lemma block_inverse_estimates:
  assumes n: "n = k + m" and m: "0 < m"
  shows "\<exists>Qi. Qi \<in> carrier_mat n n \<and> Qi * hcat P1 Q2 = 1\<^sub>m n \<and> hcat P1 Q2 * Qi = 1\<^sub>m n \<and>
    1 - \<xi> \<le> sigma_min T \<and>
    op_norm (transpose_mat P1 * Q2) \<le> sqrt (2 * \<xi>) \<and>
    op_norm (P2 - Q2) \<le> sqrt (2 * \<xi>) \<and>
    op_norm (mat m n (\<lambda>(i, j). Qi $$ (i + k, j))) \<le> 1 / (1 - \<xi>) \<and>
    op_norm (mat m n (\<lambda>(i, j). Qi $$ (i + k, j)) * A * Q2) \<le> 1 / (1 - \<xi>) * op_norm A \<and>
    op_norm (transpose_mat P1 - mat k n (\<lambda>(i, j). Qi $$ (i, j))) \<le> sqrt (2 * \<xi>) / (1 - \<xi>) \<and>
    op_norm (mat k n (\<lambda>(i, j). Qi $$ (i, j))) \<le> 1 + sqrt (2 * \<xi>) / (1 - \<xi>) \<and>
    op_norm (mat k m (\<lambda>(i, j). (transpose_mat (hcat P1 P2) * A * hcat P1 P2) $$ (i, j + k)))
      \<le> (2 - \<xi>) / (1 - \<xi>) * sqrt (2 * \<xi>) * op_norm A"
proof -
  have carrier: "R1 @\<^sub>r R2 \<in> carrier_mat n n" using carrier_append_rows[OF R1_carrier R2_carrier] n by simp
  note inverse = append_rows_hcat_inverse[OF R1_carrier R2_carrier P1 Q2 n R1_P1 R1_Q2 R2_P1 R2_Q2]
  note blocks = append_rows_upper_block[OF R1_carrier R2_carrier]
    append_rows_lower_block[OF R1_carrier R2_carrier] hcat_conj_upper_right_block[OF P1 P2 A]
  have nonneg: "0 \<le> 1 / (1 - \<xi>) * op_norm A" "0 \<le> (2 - \<xi>) / (1 - \<xi>) * sqrt (2 * \<xi>) * op_norm A"
    using xi op_norm_nonneg[of A] by simp_all
  show ?thesis
    by (rule exI[of _ "R1 @\<^sub>r R2"], unfold blocks)
      (use carrier inverse sigma_min_T[OF m] xi op_norm_le_of_norm_bound[OF norm_bound_P1_Q2]
        op_norm_le_of_norm_bound[OF norm_bound_P2_minus_Q2] op_norm_le_of_norm_bound[OF norm_bound_R2]
        op_norm_le_of_norm_bound[OF norm_bound_compression nonneg(1)]
        op_norm_le_of_norm_bound[OF norm_bound_transpose_P1_minus_R1]
        op_norm_le_of_norm_bound[OF norm_bound_R1]
        op_norm_le_of_norm_bound[OF norm_bound_upper_right_block nonneg(2)] in simp)
qed

end

end

lemma xi_close_coercive_frames:
  assumes P1: "onb_cols n k P1 U" and close: "xi_close n (orth_compl n U) V \<xi>" and xi: "0 < \<xi>" "\<xi> < 1"
  obtains P2 Q2 Ti where "onb_cols n (n - k) P2 (orth_compl n U)" "onb_cols n (n - k) Q2 V"
    "coercive_frames n k (n - k) P1 P2 Q2 Ti \<xi>"
proof -
  obtain d P2 Q where P2: "onb_cols n d P2 (orth_compl n U)" and Q: "onb_cols n d Q V"
    and sig: "1 - \<xi> < sigma_min (transpose_mat P2 * Q)"
    using close unfolding xi_close_def by blast
  have d: "d = n - k" using onb_orth_compl_dim[OF P1 P2] by simp
  have P1c: "P1 \<in> carrier_mat n k" and P1o: "transpose_mat P1 * P1 = 1\<^sub>m k"
    and P2c: "P2 \<in> carrier_mat n d" and P2o: "transpose_mat P2 * P2 = 1\<^sub>m d"
    using P1 P2 unfolding onb_cols_def by auto
  obtain Q2 where Q2: "onb_cols n d Q2 V"
    and coercive: "\<forall>v \<in> carrier_vec d. (1 - \<xi>) * (v \<bullet> v) \<le> v \<bullet> ((transpose_mat P2 * Q2) *\<^sub>v v)"
    using exists_coercive_aligned_basis[OF P2c Q sig xi(2)] by (elim exE conjE)
  have Q2c: "Q2 \<in> carrier_mat n d" and Q2o: "transpose_mat Q2 * Q2 = 1\<^sub>m d"
    using Q2 unfolding onb_cols_def by auto
  have "transpose_mat P2 * Q2 \<in> carrier_mat d d" using P2c Q2c by auto
  from coercive_mat_invertible[OF this, of "1 - \<xi>"] coercive xi
  obtain Ti where Ti: "Ti \<in> carrier_mat d d" "Ti * (transpose_mat P2 * Q2) = 1\<^sub>m d" by auto
  have "coercive_frames n k d P1 P2 Q2 Ti \<xi>"
    by (rule coercive_frames.intro)
      (use P1c P1o P2c P2o Q2c Q2o onb_orth_compl_cross_zero[OF P1 P2]
        onb_orth_compl_resolution[OF P1 P2] xi coercive Ti in auto)
  thus ?thesis using that P2 Q2 unfolding d by blast
qed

++++++++++

Print every entry exactly.

ANSWER TO THIS PROBLEM
lemma block_inverse_estimates:
  assumes n: "n = k + m" and m: "0 < m"
  shows "\<exists>Qi. Qi \<in> carrier_mat n n \<and> Qi * hcat P1 Q2 = 1\<^sub>m n \<and> hcat P1 Q2 * Qi = 1\<^sub>m n \<and>
    1 - \<xi> \<le> sigma_min T \<and>
    op_norm (transpose_mat P1 * Q2) \<le> sqrt (2 * \<xi>) \<and>
    op_norm (P2 - Q2) \<le> sqrt (2 * \<xi>) \<and>
    op_norm (mat m n (\<lambda>(i, j). Qi $$ (i + k, j))) \<le> 1 / (1 - \<xi>) \<and>
    op_norm (mat m n (\<lambda>(i, j). Qi $$ (i + k, j)) * A * Q2) \<le> 1 / (1 - \<xi>) * op_norm A \<and>
    op_norm (transpose_mat P1 - mat k n (\<lambda>(i, j). Qi $$ (i, j))) \<le> sqrt (2 * \<xi>) / (1 - \<xi>) \<and>
    op_norm (mat k n (\<lambda>(i, j). Qi $$ (i, j))) \<le> 1 + sqrt (2 * \<xi>) / (1 - \<xi>) \<and>
    op_norm (mat k m (\<lambda>(i, j). (transpose_mat (hcat P1 P2) * A * hcat P1 P2) $$ (i, j + k)))
      \<le> (2 - \<xi>) / (1 - \<xi>) * sqrt (2 * \<xi>) * op_norm A"
proof -
  have carrier: "R1 @\<^sub>r R2 \<in> carrier_mat n n" using carrier_append_rows[OF R1_carrier R2_carrier] n by simp
  note inverse = append_rows_hcat_inverse[OF R1_carrier R2_carrier P1 Q2 n R1_P1 R1_Q2 R2_P1 R2_Q2]
  note blocks = append_rows_upper_block[OF R1_carrier R2_carrier]
    append_rows_lower_block[OF R1_carrier R2_carrier] hcat_conj_upper_right_block[OF P1 P2 A]
  have nonneg: "0 \<le> 1 / (1 - \<xi>) * op_norm A" "0 \<le> (2 - \<xi>) / (1 - \<xi>) * sqrt (2 * \<xi>) * op_norm A"
    using xi op_norm_nonneg[of A] by simp_all
  show ?thesis
    by (rule exI[of _ "R1 @\<^sub>r R2"], unfold blocks)
      (use carrier inverse sigma_min_T[OF m] xi op_norm_le_of_norm_bound[OF norm_bound_P1_Q2]
        op_norm_le_of_norm_bound[OF norm_bound_P2_minus_Q2] op_norm_le_of_norm_bound[OF norm_bound_R2]
        op_norm_le_of_norm_bound[OF norm_bound_compression nonneg(1)]
        op_norm_le_of_norm_bound[OF norm_bound_transpose_P1_minus_R1]
        op_norm_le_of_norm_bound[OF norm_bound_R1]
        op_norm_le_of_norm_bound[OF norm_bound_upper_right_block nonneg(2)] in simp)
qed

end

end

lemma xi_close_coercive_frames:
  assumes P1: "onb_cols n k P1 U" and close: "xi_close n (orth_compl n U) V \<xi>" and xi: "0 < \<xi>" "\<xi> < 1"
  obtains P2 Q2 Ti where "onb_cols n (n - k) P2 (orth_compl n U)" "onb_cols n (n - k) Q2 V"
    "coercive_frames n k (n - k) P1 P2 Q2 Ti \<xi>"
proof -
  obtain d P2 Q where P2: "onb_cols n d P2 (orth_compl n U)" and Q: "onb_cols n d Q V"
    and sig: "1 - \<xi> < sigma_min (transpose_mat P2 * Q)"
    using close unfolding xi_close_def by blast
  have d: "d = n - k" using onb_orth_compl_dim[OF P1 P2] by simp
  have P1c: "P1 \<in> carrier_mat n k" and P1o: "transpose_mat P1 * P1 = 1\<^sub>m k"
    and P2c: "P2 \<in> carrier_mat n d" and P2o: "transpose_mat P2 * P2 = 1\<^sub>m d"
    using P1 P2 unfolding onb_cols_def by auto
  obtain Q2 where Q2: "onb_cols n d Q2 V"
    and coercive: "\<forall>v \<in> carrier_vec d. (1 - \<xi>) * (v \<bullet> v) \<le> v \<bullet> ((transpose_mat P2 * Q2) *\<^sub>v v)"
    using exists_coercive_aligned_basis[OF P2c Q sig xi(2)] by (elim exE conjE)
  have Q2c: "Q2 \<in> carrier_mat n d" and Q2o: "transpose_mat Q2 * Q2 = 1\<^sub>m d"
    using Q2 unfolding onb_cols_def by auto
  have "transpose_mat P2 * Q2 \<in> carrier_mat d d" using P2c Q2c by auto
  from coercive_mat_invertible[OF this, of "1 - \<xi>"] coercive xi
  obtain Ti where Ti: "Ti \<in> carrier_mat d d" "Ti * (transpose_mat P2 * Q2) = 1\<^sub>m d" by auto
  have "coercive_frames n k d P1 P2 Q2 Ti \<xi>"
    by (rule coercive_frames.intro)
      (use P1c P1o P2c P2o Q2c Q2o onb_orth_compl_cross_zero[OF P1 P2]
        onb_orth_compl_resolution[OF P1 P2] xi coercive Ti in auto)
  thus ?thesis using that P2 Q2 unfolding d by blast
qed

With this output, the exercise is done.